How does Claude Sonnet 4.6 compare to Opus 4.6?

Claude Sonnet 4.6 and Opus 4.6 are nearly identical on most production benchmarks. Sonnet 4.6 scores 72.5% on OSWorld (Opus scores 72.7%), 79.6% on SWE-bench Verified, and outperforms Opus on Finance Agent v1.1 (63.3% vs 60.1%) and GDPval-AA (1633 Elo vs 1606). Opus 4.6 retains advantages in multi-agent orchestration, full-repo refactoring (128k max output vs Sonnet's 64k), and ARC-AGI-2. Sonnet 4.6 costs approximately 5x less.

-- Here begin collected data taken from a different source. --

theorem theorem9:
  fixes V V' :: "'a set" and E E' :: "'a set set" and v :: 'a
  assumes "simple_graph V E"
    and "graph_connected V E"
    and "card V \<ge> 3"
    and "is_split V E v V' E'"
  shows "rx3 V' E' \<le> rx3 V E + 1"
proof -
  obtain v1 v2 f where split: "v1 \<noteq> v2" "v1 \<notin> V - {v}" "v2 \<notin> V - {v}"
      "\<forall>u. f u = v1 \<or> f u = v2" "V' = (V - {v}) \<union> {v1, v2}"
      "E' = {e \<in> E. v \<notin> e} \<union> {{f u, u} | u. {v, u} \<in> E} \<union> {{v1, v2}}"
    and "v \<in> V"
    using assms(4) unfolding is_split_def by blast
  interpret vertex_split V E v v1 v2 f
    using assms(1) split(1-4) \<open>v \<in> V\<close> by unfold_locales auto
  have V': "V' = split_vertices V" and E': "E' = split_edges E"
    using split(5,6) unfolding split_vertices_def split_edges_def by simp_all
  have "V \<noteq> {}" using assms(3) by auto
  with assms(1,2) obtain c where c: "\<forall>e\<in>E. c e < rx3 V E" "rainbow_3_connecting V E c"
    by (rule rx3_attained)
  show ?thesis
    unfolding V' E'
    using rx3_le[OF split_colouring_less[OF c(1)] rainbow_3_connecting_split[OF assms(3) c]] .
qed

end
lemma chi2_mixture_prodlaw:
  fixes p :: "'e \<Rightarrow> real" and q :: "'b \<Rightarrow> 'e \<Rightarrow> real"
  assumes "finite E" "finite B" "\<And>e. e \<in> E \<Longrightarrow> p e \<noteq> 0"
  shows "chi2 (\<lambda>z. 1 / real (card B) * (\<Sum>b\<in>B. prodlaw (q b) N z)) (prodlaw p N)
           (PiE {..<N} (\<lambda>_. E)) + 1
       = (1 / real (card B))\<^sup>2 * (\<Sum>b\<in>B. \<Sum>b'\<in>B. (\<Sum>e\<in>E. q b e * q b' e / p e) ^ N)"
proof -
  define M where "M = 1 / real (card B)"
  define \<Omega> where "\<Omega> = PiE {..<N} (\<lambda>_. E)"
  define r where "r b b' e = q b e * q b' e / p e" for b b' e
  have pointwise: "prodlaw p N z * (M * (\<Sum>b\<in>B. prodlaw (q b) N z) / prodlaw p N z)\<^sup>2
      = M\<^sup>2 * (\<Sum>b\<in>B. \<Sum>b'\<in>B. \<Prod>j<N. r b b' (z j))" if "z \<in> \<Omega>" for z
  proof -
    have "prodlaw p N z \<noteq> 0"
      using that assms(3) unfolding prodlaw_def \<Omega>_def by (auto simp: PiE_mem)
    then have "prodlaw p N z * (M * (\<Sum>b\<in>B. prodlaw (q b) N z) / prodlaw p N z)\<^sup>2
        = M\<^sup>2 * ((\<Sum>b\<in>B. prodlaw (q b) N z) * (\<Sum>b'\<in>B. prodlaw (q b') N z) / prodlaw p N z)"
      by (simp add: power2_eq_square field_simps)
    also have "\<dots> = M\<^sup>2 * (\<Sum>b\<in>B. \<Sum>b'\<in>B. prodlaw (q b) N z * prodlaw (q b') N z / prodlaw p N z)"
      by (simp add: sum_product sum_divide_distrib)
    also have "\<dots> = M\<^sup>2 * (\<Sum>b\<in>B. \<Sum>b'\<in>B. \<Prod>j<N. r b b' (z j))"
      by (simp add: prodlaw_def r_def prod.distrib prod_dividef)
    finally show ?thesis .
  qed
  have "chi2 (\<lambda>z. M * (\<Sum>b\<in>B. prodlaw (q b) N z)) (prodlaw p N) \<Omega> + 1
      = (\<Sum>z\<in>\<Omega>. M\<^sup>2 * (\<Sum>b\<in>B. \<Sum>b'\<in>B. \<Prod>j<N. r b b' (z j)))"
    unfolding chi2_def using pointwise by simp
  also have "\<dots> = M\<^sup>2 * (\<Sum>b\<in>B. \<Sum>b'\<in>B. \<Sum>z\<in>\<Omega>. \<Prod>j<N. r b b' (z j))"
    by (simp add: sum_distrib_left sum.swap[of _ \<Omega>] sum.swap[of _ \<Omega> B])
  also have "\<dots> = M\<^sup>2 * (\<Sum>b\<in>B. \<Sum>b'\<in>B. (\<Sum>e\<in>E. r b b' e) ^ N)"
  proof -
    have "(\<Sum>z\<in>\<Omega>. \<Prod>j<N. r b b' (z j)) = (\<Sum>e\<in>E. r b b' e) ^ N" for b b'
      using prod_sum_PiE[of "{..<N}" "\<lambda>_. E" "\<lambda>_. r b b'"] assms(1) by (simp add: \<Omega>_def)
    then show ?thesis
      by simp
  qed
  finally show ?thesis
    unfolding M_def \<Omega>_def r_def .
qed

What is adaptive thinking in Claude Sonnet 4.6?

Adaptive thinking is a reasoning mode in Claude Sonnet 4.6 that automatically determines how deeply to reason before responding. Simple queries get fast responses; complex multi-step tasks trigger extended internal reasoning chains. It requires no configuration from the user and is enabled by default in Claude.ai and Claude Code for all plan tiers including free. On the API it is enabled via: thinking: { type: 'adaptive' }.

What is Claude Sonnet 4.6's OSWorld score?

Claude Sonnet 4.6 scores 72.5% on OSWorld-Verified, the benchmark for AI computer use across real software tasks in Chrome, LibreOffice, VS Code, and other applications. This is effectively tied with Claude Opus 4.6 (72.7%) and 8 percentage points ahead of GPT-5.3 Codex (64.7%). Enterprise users have reported 94% accuracy on insurance submission intake workflows using Sonnet 4.6's computer use capabilities.

How much does Claude Sonnet 4.6 cost?

Claude Sonnet 4.6 is priced at $3 per million input tokens and $15 per million output tokens via the Anthropic API, unchanged from Sonnet 4.5. The 1 million token context window is included at standard pricing with no surcharge. Claude Sonnet 4.6 is also available as the default model on the free tier of Claude.ai, and on Pro, Max, Team, and Enterprise plans.